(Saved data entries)
===============
lemma source_q_q:
  assumes "x \<in> C" "length ys = n" "set ys \<subseteq> C" "length zs = n" "set zs \<subseteq> C"
  shows "q n (q n x ys) zs = q n x (map (\<lambda>y. q n y zs) ys)"
proof (rule reflect_eq)
  have substituted: "set (map (\<lambda>y. q n y zs) ys) \<subseteq> C"
    using assms by (auto simp: source.q_closed)
  then show "q n x (map (\<lambda>y. q n y zs) ys) \<in> C"
    using assms by (intro source.q_closed) auto
  have "h (q n (q n x ys) zs) = q' n (q' n (h x) (map h ys)) (map h zs)"
    using assms by (simp add: hom_q source.q_closed)
  also have "\<dots> = q' n (h x) (map (\<lambda>y. q' n y (map h zs)) (map h ys))"
    using assms maps_into set_map_maps_into by (simp add: target.q_q)
  also have "map (\<lambda>y. q' n y (map h zs)) (map h ys) = map h (map (\<lambda>y. q n y zs) ys)"
    using assms by (auto simp: hom_q)
  also have "q' n (h x) \<dots> = h (q n x (map (\<lambda>y. q n y zs) ys))"
    using assms substituted by (simp add: hom_q)
  finally show "h (q n (q n x ys) zs) = h (q n x (map (\<lambda>y. q n y zs) ys))" .
qed (use assms in \<open>simp add: source.q_closed\<close>)

lemma source_q_sig:
  assumes "length xs = ar \<sigma>" "set xs \<subseteq> C" "length ys = n" "set ys \<subseteq> C"
  shows "q n (sig \<sigma> xs) ys = sig \<sigma> (map (\<lambda>x. q n x ys) xs)"
proof (rule reflect_eq)
  have substituted: "set (map (\<lambda>x. q n x ys) xs) \<subseteq> C"
    using assms by (auto simp: source.q_closed)
  then show "sig \<sigma> (map (\<lambda>x. q n x ys) xs) \<in> C"
    using assms by (intro source.sig_closed) auto
  have "h (q n (sig \<sigma> xs) ys) = q' n (sig' \<sigma> (map h xs)) (map h ys)"
    using assms by (simp add: hom_q hom_sig source.sig_closed)
  also have "\<dots> = sig' \<sigma> (map (\<lambda>x. q' n x (map h ys)) (map h xs))"
    using assms set_map_maps_into by (simp add: target.q_sig)
  also have "map (\<lambda>x. q' n x (map h ys)) (map h xs) = map h (map (\<lambda>x. q n x ys) xs)"
    using assms by (auto simp: hom_q)
  also have "sig' \<sigma> \<dots> = h (sig \<sigma> (map (\<lambda>x. q n x ys) xs))"
    using assms substituted by (simp add: hom_sig)
  finally show "h (q n (sig \<sigma> xs) ys) = h (sig \<sigma> (map (\<lambda>x. q n x ys) xs))" .
qed (use assms in \<open>simp add: source.q_closed source.sig_closed\<close>)

sublocale source: clone_algebra ar C sig q e
  by unfold_locales (fact source_q_var source_q_var_beyond source_q_vars
      source_q_pad_vars source_q_q source_q_sig)+

lemma indep_of_reflect:
  assumes "a \<in> C" "1 \<le> m" "indep_of q' e' (h a) m"
  shows "indep_of q e a m"
  unfolding indep_of_def
proof (rule reflect_eq)
  let ?es = "map e [1..<m] @ [e (m+1)]"
  have es: "set ?es \<subseteq> C" "length ?es = m"
    using assms(2) source.e_closed by auto
  then show "q m a ?es \<in> C"
    using assms(1) by (intro source.q_closed) auto
  have "h (q m a ?es) = q' m (h a) (map e' [1..<m] @ [e' (m+1)])"
    using assms(1) es by (simp add: hom_q hom_e flip: map_hom_e)
  also have "\<dots> = h a"
    using assms(3) by (simp add: indep_of_def)
  finally show "h (q m a ?es) = h a" .
qed (fact assms(1))

lemma finite_dim_reflect:
  assumes "a \<in> C" "finite_dim q' e' (h a)"
  shows "finite_dim q e a"
proof -
  have "{m. 1 \<le> m \<and> \<not> indep_of q e a m} \<subseteq> {m. 1 \<le> m \<and> \<not> indep_of q' e' (h a) m}"
    using indep_of_reflect[OF assms(1)] by blast
  then show ?thesis
    using assms(2) unfolding finite_dim_def by (rule finite_subset)
qed

end

lemma FiCA_if_iso_block_alg:
  assumes "clone_sig_alg ar C sig q e" "block_alg ar A F B"
    and "clone_iso ar C sig q e B (fsig A F) (fq A) (fe A) h"
  shows "FiCA ar C sig q e"
proof -
  have B: "B \<subseteq> full_fun A" and top_exts: "\<And>\<phi>. \<phi> \<in> B \<Longrightarrow> \<exists>n f. \<phi> = top_ext A n f"
    using assms(2) unfolding block_alg_def by blast+
  interpret clone_embedding ar C sig q e "full_fun A" "fsig A F" "fq A" "fe A" h
  proof (rule clone_embedding.intro)
    show "clone_sig_algebra ar C sig q e"
      using assms(1) by (rule clone_sig_algebra.intro)
    show "clone_algebra ar (full_fun A) (fsig A F) (fq A) (fe A)"
      using assms(2) by (intro clone_algebra_full_fun) (simp add: block_alg_def)
    show "clone_embedding_axioms ar C sig q e (full_fun A) (fsig A F) (fq A) (fe A) h"
      using assms(3) B unfolding clone_embedding_axioms_def clone_iso_def bij_betw_def by auto
  qed
  have "finite_dim q e a" if "a \<in> C" for a
  proof -
    have "h a \<in> B" using that assms(3) by (auto simp: clone_iso_def bij_betw_def)
    then obtain n f where "h a = top_ext A n f" using top_exts by blast
    then show ?thesis using that finite_dim_top_ext finite_dim_reflect by metis
  qed
  then show ?thesis
    using source.clone_algebra_axioms by (simp add: FiCA_def clone_algebra_iff_clone_alg)
qed

section \<open>Finite dimensional clone algebras are block algebras\<close>

lemma set_subset_imageE:
  assumes "set xs \<subseteq> f ` A"
  obtains as where "xs = map f as" "set as \<subseteq> A"
proof -
  have "xs \<in> lists (f ` A)"
    using assms by auto
  then have "xs \<in> map f ` lists A"
    by (simp only: lists_image)
  then show ?thesis
    using that by (auto simp: lists_eq_set)
qed

context clone_algebra
begin

lemma map_q_vars:
  assumes "length zs = n" "set zs \<subseteq> C" "b \<le> n"
  shows "map (\<lambda>i. q n (e i) zs) [a+1..<b+1] = drop a (take b zs)"
proof (rule nth_equalityI)
  fix k assume "k < length (map (\<lambda>i. q n (e i) zs) [a+1..<b+1])"
  then show "map (\<lambda>i. q n (e i) zs) [a+1..<b+1] ! k = drop a (take b zs) ! k"
    using assms by (simp add: q_var)
qed (use assms in simp)

lemma q_indep_last:
  assumes "a \<in> C" "indep_of q e a n" "1 \<le> n" "length zs = n" "set zs \<subseteq> C"
  shows "q n a zs = q n a (butlast zs @ [e (n+1)])"
proof -
  let ?es = "map e [1..<n] @ [e (n+1)]"
  have es: "length ?es = n" "set ?es \<subseteq> C"
    using assms(3) e_closed by auto
  have "q n a zs = q n (q n a ?es) zs"
    using assms(2) by (simp add: indep_of_def)
  also have "\<dots> = q n a (map (\<lambda>y. q n y zs) ?es)"
    using assms es by (intro q_q) auto
  also have "map (\<lambda>y. q n y zs) ?es = butlast zs @ [e (n+1)]"
  proof -
    have "map (\<lambda>i. q n (e i) zs) [0+1..<(n-1)+1] = butlast zs"
      using assms by (subst map_q_vars) (auto simp: butlast_conv_take)
    then show ?thesis
      using assms(3-5) by (simp add: q_var_beyond o_def)
  qed
  finally show ?thesis .
qed

lemma q_indep_drop_last:
  assumes "a \<in> C" "indep_of q e a n" "1 \<le> n" "length ys = n" "set ys \<subseteq> C"
  shows "q n a ys = q (n - 1) a (butlast ys)"
proof -
  have init: "length (butlast ys) = n - 1" "set (butlast ys) \<subseteq> C"
    using assms(4,5) by (auto dest: in_set_butlastD)
  have "q n a ys = q n a (butlast ys @ [e (n+1)])"
    using assms by (rule q_indep_last)
  also have "\<dots> = q n a (butlast ys @ [e n])"
    using assms(1-3) init e_closed by (subst q_indep_last) auto
  also have "\<dots> = q n a (butlast ys @ map e [n-1+1..<n+1])"
    using assms(3) by (simp add: upt_Suc)
  also have "\<dots> = q (n - 1) a (butlast ys)"
    using assms(1,3) init by (intro q_pad_vars[symmetric]) auto
  finally show ?thesis .
qed

end

locale finite_dim_clone_algebra = clone_algebra ar C sig q e
  for ar :: "'sym \<Rightarrow> nat" and C :: "'c set" and sig q e +
  assumes finite_dim: "a \<in> C \<Longrightarrow> finite_dim q e a"
begin

definition dim_of :: "'c \<Rightarrow> nat" where
  "dim_of a = Max (insert 0 {n. 1 \<le> n \<and> \<not> indep_of q e a n})"

lemma indep_of_beyond_dim:
  assumes "a \<in> C" "dim_of a < n"
  shows "indep_of q e a n"
proof (rule ccontr)
  assume "\<not> indep_of q e a n"
  moreover have "finite {n. 1 \<le> n \<and> \<not> indep_of q e a n}"
    using finite_dim[OF assms(1)] by (simp add: finite_dim_def)
  ultimately have "n \<le> dim_of a"
    using assms(2) unfolding dim_of_def by (intro Max_ge) auto
  then show False using assms(2) by simp
qed

lemma q_truncate_dim:
  assumes "a \<in> C"
  shows "\<lbrakk>dim_of a \<le> n; length ys = n; set ys \<subseteq> C\<rbrakk> \<Longrightarrow> q n a ys = q (dim_of a) a (take (dim_of a) ys)"
proof (induction n arbitrary: ys)
  case (Suc n)
  show ?case
  proof (cases "dim_of a = Suc n")
    case False
    then have "dim_of a \<le> n" using Suc.prems by simp
    have "q (Suc n) a ys = q n a (butlast ys)"
      using assms Suc.prems \<open>dim_of a \<le> n\<close>
      by (subst q_indep_drop_last) (auto intro: indep_of_beyond_dim)
    also have "\<dots> = q (dim_of a) a (take (dim_of a) (butlast ys))"
      using Suc.prems \<open>dim_of a \<le> n\<close> by (intro Suc.IH) (auto dest: in_set_butlastD)
    also have "take (dim_of a) (butlast ys) = take (dim_of a) ys"
      using Suc.prems \<open>dim_of a \<le> n\<close> by (simp add: butlast_conv_take)
    finally show ?thesis .
  qed (use Suc.prems in simp)
qed simp

definition fun_rep :: "'c \<Rightarrow> (nat \<Rightarrow> 'c) \<Rightarrow> 'c" where
  "fun_rep a = top_ext C (dim_of a) (q (dim_of a) a)"

lemma fun_rep_apply:
  assumes "a \<in> C" "dim_of a \<le> n" "s \<in> seqs C"
  shows "fun_rep a s = q n a (map s [0..<n])"
proof -
  have "fun_rep a s = q (dim_of a) a (take (dim_of a) (map s [0..<n]))"
    using assms by (simp add: fun_rep_def top_ext_apply take_map)
  also have "\<dots> = q n a (map s [0..<n])"
    using assms by (intro q_truncate_dim[symmetric]) (auto simp: image_seqs_subset)
  finally show ?thesis .
qed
===============
If a line in the records has the word "target", copy that line.

    using assms maps_into set_map_maps_into by (simp add: target.q_q)
    using assms set_map_maps_into by (simp add: target.q_sig)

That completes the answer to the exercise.